If you want to get married in Germany, your application for marriage may become more complicated if you or your partner is not from within the EU, or if you have been previously married. As everything else, getting married in Germany can require lots of paperwork. Learn more about the requirements of marriage in Germany as a non-EU citizen in this blog post!

Requirements for marriage in Germany

Before applying for anything, you must first make sure that:

  • You’re not already married.
  • You’re at least 18 years old (16 with parental consent)
  • You don’t want to marry someone who is related by blood.
  • You’ve been living in Germany for at least three weeks.

Application to registry office (Standesamt)

Your marriage application should be submitted to the registry office in your area where either you or your partner is registered. You need to make an appointment with the registry office and attend the meeting there. Here, they will explain the process, and you’ll get the documentation you need to submit for approval. It would be best if you arranged for this meeting several months before you plan to get married, so that you have plenty of time to gather and submit the required documents.

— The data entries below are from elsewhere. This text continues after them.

(* Every $(K_4-e)$-design $(X,\mathcal B)$ of order $10$ contains a subdesign of order $6$; that is, there exist a $6$-element subset $Y\subseteq X$ and a subcollection $\mathcal B'\subseteq\mathcal B$ such that $(Y,\mathcal B')$ is a $(K_4-e)$-design of order $6$.
   Context: $K_4-e$ is the graph on four vertices $a,b,c,d$ with edges $ab,ac,ad,bc,bd$; it is denoted $[a,b,c-d]$. A $(K_4-e)$-design of order $v$ is a pair $(X,\mathcal B)$ where $X$ is a set of $v$ vertices and $\mathcal B$ is a collection of copies of $K_4-e$ (called blocks) with vertices in $X$ whose edge sets partition the edge set of the complete graph $K_v$ on $X$. *)

theory Defs
  imports Main
begin

text \<open>Edge set of the graph K4-e denoted [a,b,c-d]: vertices a,b,c,d (distinct),
  edges ab, ac, ad, bc, bd.\<close>
definition k4e_edges :: "'a \<Rightarrow> 'a \<Rightarrow> 'a \<Rightarrow> 'a \<Rightarrow> 'a set set" where
  "k4e_edges a b c d = {{a,b},{a,c},{a,d},{b,c},{b,d}}"

definition is_k4e_block :: "'a set \<Rightarrow> 'a set set \<Rightarrow> bool" where
  "is_k4e_block X G \<longleftrightarrow> (\<exists>a b c d. a \<in> X \<and> b \<in> X \<and> c \<in> X \<and> d \<in> X \<and>
     distinct [a,b,c,d] \<and> G = k4e_edges a b c d)"

definition complete_edges :: "'a set \<Rightarrow> 'a set set" where
  "complete_edges X = {e. \<exists>x y. x \<in> X \<and> y \<in> X \<and> x \<noteq> y \<and> e = {x,y}}"

definition k4e_design :: "nat \<Rightarrow> 'a set \<Rightarrow> 'a set set set \<Rightarrow> bool" where
  "k4e_design v X B \<longleftrightarrow> finite X \<and> card X = v \<and>
     (\<forall>G\<in>B. is_k4e_block X G) \<and>
     (\<forall>G1\<in>B. \<forall>G2\<in>B. G1 \<noteq> G2 \<longrightarrow> G1 \<inter> G2 = {}) \<and>
     \<Union>B = complete_edges X"

end

theory Submission
  imports Defs
begin

text \<open>
  In a block [a,b,c-d] the vertices a, b have degree 3 and c, d degree 2. A vertex of a design of
  order 10 has degree 9, so it is a degree-2 vertex of either 0 or 3 blocks; as every block has two
  vertices of each kind, the degree-2 incidences and the degree-3 incidences are equinumerous,
  which forces exactly 4 vertices Z never to be of degree 2. Such a vertex z lies in 3 blocks, and
  the 3 edges from z to the rest of Z lie in distinct blocks in which both endpoints have
  degree 3. Hence the degree-3 pair of every block is either inside Z or disjoint from it, and
  the blocks missing Z form a design on the remaining 6 vertices.
\<close>

definition deg :: "'a set set \<Rightarrow> 'a \<Rightarrow> nat" where
  "deg G v = card {e \<in> G. v \<in> e}"

definition blocks_of_deg :: "'a set set set \<Rightarrow> nat \<Rightarrow> 'a \<Rightarrow> 'a set set set" where
  "blocks_of_deg B k v = {G \<in> B. deg G v = k}"

lemma deg_k4e_edges:
  assumes "distinct [a,b,c,d]"
  shows "deg (k4e_edges a b c d) v =
    (if v = a \<or> v = b then 3 else if v = c \<or> v = d then 2 else 0)"
proof -
  consider "v = a" | "v = b" | "v = c" | "v = d" | "v \<notin> {a,b,c,d}" by blast
  then show ?thesis
  proof cases
    case 1
    then have "{e \<in> k4e_edges a b c d. v \<in> e} = {{a,b},{a,c},{a,d}}"
      using assms by (auto simp: k4e_edges_def)
    then show ?thesis using assms 1 by (auto simp: deg_def doubleton_eq_iff)
  next
    case 2
    then have "{e \<in> k4e_edges a b c d. v \<in> e} = {{a,b},{b,c},{b,d}}"
      using assms by (auto simp: k4e_edges_def)
    then show ?thesis using assms 2 by (auto simp: deg_def doubleton_eq_iff)
  next
    case 3
    then have "{e \<in> k4e_edges a b c d. v \<in> e} = {{a,c},{b,c}}"
      using assms by (auto simp: k4e_edges_def)
    then show ?thesis using assms 3 by (auto simp: deg_def doubleton_eq_iff)
  next
    case 4
    then have "{e \<in> k4e_edges a b c d. v \<in> e} = {{a,d},{b,d}}"
      using assms by (auto simp: k4e_edges_def)
    then show ?thesis using assms 4 by (auto simp: deg_def doubleton_eq_iff)
  next
    case 5
    then have no_edges: "{e \<in> k4e_edges a b c d. v \<in> e} = {}"
      using assms by (auto simp: k4e_edges_def)
    show ?thesis using assms 5 by (simp add: deg_def no_edges)
  qed
qed

lemma sum_card_filter_swap:
  assumes "finite A" "finite B"
  shows "(\<Sum>x\<in>A. card {y \<in> B. R x y}) = (\<Sum>y\<in>B. card {x \<in> A. R x y})"
proof -
  have "(\<Sum>x\<in>A. card {y \<in> B. R x y}) = (\<Sum>x\<in>A. \<Sum>y\<in>B. if R x y then 1 else 0)"
    using assms by (simp add: sum.inter_filter[symmetric])
  also have "\<dots> = (\<Sum>y\<in>B. \<Sum>x\<in>A. if R x y then 1 else 0)"
    by (rule sum.swap)
  also have "\<dots> = (\<Sum>y\<in>B. card {x \<in> A. R x y})"
    using assms by (simp add: sum.inter_filter[symmetric])
  finally show ?thesis .
qed

lemma is_k4e_blockE:
  assumes "is_k4e_block X G"
  obtains a b c d where "a \<in> X" "b \<in> X" "c \<in> X" "d \<in> X" "distinct [a,b,c,d]"
    "G = k4e_edges a b c d"
  using assms unfolding is_k4e_block_def by blast

lemma k4e_block_finite: "is_k4e_block X G \<Longrightarrow> finite G"
  by (elim is_k4e_blockE) (simp add: k4e_edges_def)

lemma k4e_block_vertices_subset: "is_k4e_block X G \<Longrightarrow> \<Union>G \<subseteq> X"
  by (elim is_k4e_blockE) (auto simp: k4e_edges_def)

lemma k4e_block_deg_cases:
  "is_k4e_block X G \<Longrightarrow> deg G v = 0 \<or> deg G v = 2 \<or> deg G v = 3"
  by (elim is_k4e_blockE) (simp add: deg_k4e_edges)

lemma k4e_block_vertex_deg:
  assumes "is_k4e_block X G" "v \<in> \<Union>G"
  shows "deg G v = 2 \<or> deg G v = 3"
proof -
  have "deg G v \<noteq> 0"
    using assms k4e_block_finite[OF assms(1)] by (auto simp: deg_def card_0_eq)
  then show ?thesis using k4e_block_deg_cases[OF assms(1), of v] by linarith
qed

lemma k4e_block_card_deg:
  assumes "is_k4e_block X G" "k = 2 \<or> k = 3"
  shows "card {v \<in> X. deg G v = k} = 2"
  using assms(1)
proof (rule is_k4e_blockE)
  fix a b c d
  assume abcd: "a \<in> X" "b \<in> X" "c \<in> X" "d \<in> X" "distinct [a,b,c,d]" "G = k4e_edges a b c d"
  then have "{v \<in> X. deg G v = k} = (if k = 3 then {a,b} else {c,d})"
    using assms(2) by (auto simp: deg_k4e_edges)
  then show ?thesis using abcd by simp
qed

lemma k4e_block_deg3_unique:
  assumes "is_k4e_block X G" "deg G u = 3" "deg G v = 3" "deg G w = 3" "u \<noteq> v" "u \<noteq> w"
  shows "v = w"
  using assms(1) by (rule is_k4e_blockE) (use assms in \<open>auto simp: deg_k4e_edges split: if_splits\<close>)

lemma k4e_block_edge_meets_deg3:
  assumes "is_k4e_block X G" "{x,y} \<in> G"
  shows "deg G x = 3 \<or> deg G y = 3"
  using assms(1)
proof (rule is_k4e_blockE)
  fix a b c d
  assume abcd: "distinct [a,b,c,d]" "G = k4e_edges a b c d"
  then have "x \<in> {a,b} \<or> y \<in> {a,b}"
    using assms(2) by (auto simp: k4e_edges_def doubleton_eq_iff)
  then show ?thesis using abcd by (auto simp: deg_k4e_edges)
qed

context
  fixes n :: nat and X :: "'a set" and B :: "'a set set set"
  assumes design: "k4e_design n X B"
begin

lemma k4e_design_finite: "finite X"
  using design by (simp add: k4e_design_def)

lemma k4e_design_block: "G \<in> B \<Longrightarrow> is_k4e_block X G"
  using design by (simp add: k4e_design_def)

lemma k4e_design_edges: "\<Union>B = complete_edges X"
  using design by (simp add: k4e_design_def)

lemma k4e_design_finite_blocks: "finite B"
proof -
  have "finite (complete_edges X)"
    by (rule finite_subset[of _ "Pow X"]) (auto simp: complete_edges_def k4e_design_finite)
  moreover have "B \<subseteq> Pow (complete_edges X)"
    using k4e_design_edges by auto
  ultimately show ?thesis
    by (simp add: finite_subset)
qed

lemma k4e_design_edge_block:
  assumes "x \<in> X" "y \<in> X" "x \<noteq> y"
  obtains G where "G \<in> B" "{x,y} \<in> G"
  using assms k4e_design_edges by (auto simp: complete_edges_def)

lemma k4e_design_block_unique: "G1 \<in> B \<Longrightarrow> G2 \<in> B \<Longrightarrow> e \<in> G1 \<Longrightarrow> e \<in> G2 \<Longrightarrow> G1 = G2"
  using design by (auto simp: k4e_design_def)

lemma k4e_design_sum_deg:
  assumes "x \<in> X"
  shows "(\<Sum>G\<in>B. deg G x) = n - 1"
proof -
  have "{e \<in> complete_edges X. x \<in> e} = (\<lambda>y. {x,y}) ` (X - {x})"
    using assms by (auto simp: complete_edges_def)
  moreover have "inj_on (\<lambda>y. {x,y}) (X - {x})"
    by (auto simp: inj_on_def doubleton_eq_iff)
  ultimately have "card {e \<in> complete_edges X. x \<in> e} = n - 1"
    using assms design by (simp add: card_image k4e_design_def)
  moreover have "{e \<in> complete_edges X. x \<in> e} = (\<Union>G\<in>B. {e \<in> G. x \<in> e})"
    using k4e_design_edges by blast
  moreover have "card (\<Union>G\<in>B. {e \<in> G. x \<in> e}) = (\<Sum>G\<in>B. card {e \<in> G. x \<in> e})"
    using k4e_design_finite_blocks k4e_block_finite[OF k4e_design_block] k4e_design_block_unique
    by (intro card_UN_disjoint) auto
  ultimately show ?thesis by (simp add: deg_def)
qed

lemma k4e_design_deg_equation:
  assumes "x \<in> X"
  shows "3 * card (blocks_of_deg B 3 x) + 2 * card (blocks_of_deg B 2 x) = n - 1"
proof -
  have "(\<Sum>G\<in>B. deg G x) =
      (\<Sum>G\<in>B. (if deg G x = 3 then 3 else 0) + (if deg G x = 2 then 2 else 0))"
    using k4e_block_deg_cases[OF k4e_design_block] by (intro sum.cong) auto
  also have "\<dots> = 3 * card (blocks_of_deg B 3 x) + 2 * card (blocks_of_deg B 2 x)"
    using k4e_design_finite_blocks
    by (simp add: sum.distrib sum.inter_filter[symmetric] blocks_of_deg_def)
  finally show ?thesis using k4e_design_sum_deg[OF assms] by simp
qed

lemma k4e_design_sum_card_blocks_of_deg:
  assumes "k = 2 \<or> k = 3"
  shows "(\<Sum>x\<in>X. card (blocks_of_deg B k x)) = 2 * card B"
  unfolding blocks_of_deg_def
  using k4e_design_finite k4e_design_finite_blocks
    k4e_block_card_deg[OF k4e_design_block assms]
  by (simp add: sum_card_filter_swap)

lemma k4e_design_deg_eq_3_if_no_deg_2:
  assumes "G \<in> B" "v \<in> \<Union>G" "blocks_of_deg B 2 v = {}"
  shows "deg G v = 3"
  using k4e_block_vertex_deg[OF k4e_design_block[OF assms(1)] assms(2)] assms(1,3)
  by (auto simp: blocks_of_deg_def)

text \<open>
  The edges from z to the other vertices of Z lie in distinct blocks through z (a block has only two
  vertices of degree 3); there are as many of them as blocks through z, so every block through z
  arises this way.
\<close>
lemma k4e_design_pure_apex_closed:
  assumes Z: "Z \<subseteq> X" "3 * card Z = n + 2" "\<And>z. z \<in> Z \<Longrightarrow> blocks_of_deg B 2 z = {}"
    and G: "G \<in> B" "z \<in> Z" "deg G z = 3" "deg G w = 3" "w \<noteq> z"
  shows "w \<in> Z"
proof -
  have zX: "z \<in> X" using G Z by blast
  define block_of where "block_of v = (SOME H. H \<in> B \<and> {z,v} \<in> H)" for v
  have block_of: "block_of v \<in> B \<and> {z,v} \<in> block_of v" if "v \<in> Z - {z}" for v
  proof -
    have "v \<in> X" "z \<noteq> v" using that Z(1) by auto
    then obtain H where "H \<in> B" "{z,v} \<in> H" using zX k4e_design_edge_block by metis
    then show ?thesis unfolding block_of_def by (metis (mono_tags, lifting) someI)
  qed
  have deg3: "deg (block_of v) z = 3 \<and> deg (block_of v) v = 3" if "v \<in> Z - {z}" for v
    using block_of[OF that] k4e_design_deg_eq_3_if_no_deg_2 Z(3) that G(2) by blast
  have inj: "inj_on block_of (Z - {z})"
  proof (rule inj_onI)
    fix v v' assume v: "v \<in> Z - {z}" and v': "v' \<in> Z - {z}" and eq: "block_of v = block_of v'"
    show "v = v'"
      using k4e_block_deg3_unique[OF k4e_design_block, of "block_of v" z v v']
        block_of[OF v] deg3[OF v] deg3[OF v'] v v' eq by auto
  qed
  have "card (blocks_of_deg B 3 z) = card (Z - {z})"
    using k4e_design_deg_equation[OF zX] Z(3)[OF G(2)] Z(2) G(2) by simp
  moreover have "block_of ` (Z - {z}) \<subseteq> blocks_of_deg B 3 z"
    using block_of deg3 by (auto simp: blocks_of_deg_def)
  moreover have "finite (blocks_of_deg B 3 z)"
    using k4e_design_finite_blocks by (simp add: blocks_of_deg_def)
  ultimately have "block_of ` (Z - {z}) = blocks_of_deg B 3 z"
    using card_subset_eq card_image[OF inj] by metis
  then obtain v where v: "v \<in> Z - {z}" "G = block_of v"
    using G by (auto simp: blocks_of_deg_def)
  then have "w = v"
    using deg3[OF v(1)] G k4e_block_deg3_unique[OF k4e_design_block[OF G(1)]] by auto
  then show ?thesis using v by simp
qed

lemma k4e_design_pure_apex_complement_closed:
  assumes Z: "Z \<subseteq> X" "3 * card Z = n + 2" "\<And>z. z \<in> Z \<Longrightarrow> blocks_of_deg B 2 z = {}"
    and G: "G \<in> B" "x \<in> X - Z" "y \<in> X - Z" "{x,y} \<in> G"
  shows "\<Union>G \<subseteq> X - Z"
proof
  fix v assume v: "v \<in> \<Union>G"
  have block: "is_k4e_block X G" using G(1) by (rule k4e_design_block)
  have "v \<notin> Z"
  proof
    assume "v \<in> Z"
    then have "deg G v = 3"
      using k4e_design_deg_eq_3_if_no_deg_2[OF G(1) v] Z(3) by blast
    moreover obtain u where "u \<in> {x,y}" "deg G u = 3"
      using k4e_block_edge_meets_deg3[OF block G(4)] by blast
    ultimately show False
      using k4e_design_pure_apex_closed[OF Z G(1) \<open>v \<in> Z\<close>] \<open>v \<in> Z\<close> G by auto
  qed
  then show "v \<in> X - Z" using k4e_block_vertices_subset[OF block] v by blast
qed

Once the registry office approves the application, you should get married within 6 months or might have to go through the application process all over again.

You may also be required to have your documents translated into German by a certified translator if you are a non-EU citizen. The total cost, depending on the complexity of your case ranges from 60 to 600 euros. The required documents might include:

  • Valid ID (passport/identity card)
  • Official Statement of Residency (Meldebescheinigung)
  • Original birth certificate with parents’ names.
  • Certificate of No Impediment (CNI) (Befreiung vom Ehefähigkeitszeugnis), which can be obtained from embassy.
  • Income certificate (Einkommensbescheinigung)
  • Registration certificate proving you have been resident in Germany longer than three weeks.
  • If you are not a German or EU citizen, a valid residence permit/visa
  • Birth certificates of any children you have had together
  • Affidavit confirming both parties are single (Ledigkeitsbescheinigung)
  • Marriage questionnaire (from the registry office)
  • Certificate of finality of divorce (if applicable)
  • Marriage certificates from any previous marriages
  • Death certificate of the previous spouse (if applicable)
  • Confirmation of name change (if applicable)

Gay marriage in Germany

Same-sex marriage was made legal in Germany in October of 2017. Since then, more that 10,000 same-gender couples have gotten married. The same documents as mentioned above might be required. Find more about the details of the paperwork here!

Wedding ceremony

The wedding ceremony takes place at the registry office. If you want to go ahead with a religious ceremony or wedding reception, you can do so, but this will not have any legal effect. German law considers marriage to be a legally binding contract. Therefore, there is a high degree of importance placed on both parties understanding the legal implications of the event. If either one of you doesn’t speak fluent German, you’ll need to have a certified interpreter there for the wedding.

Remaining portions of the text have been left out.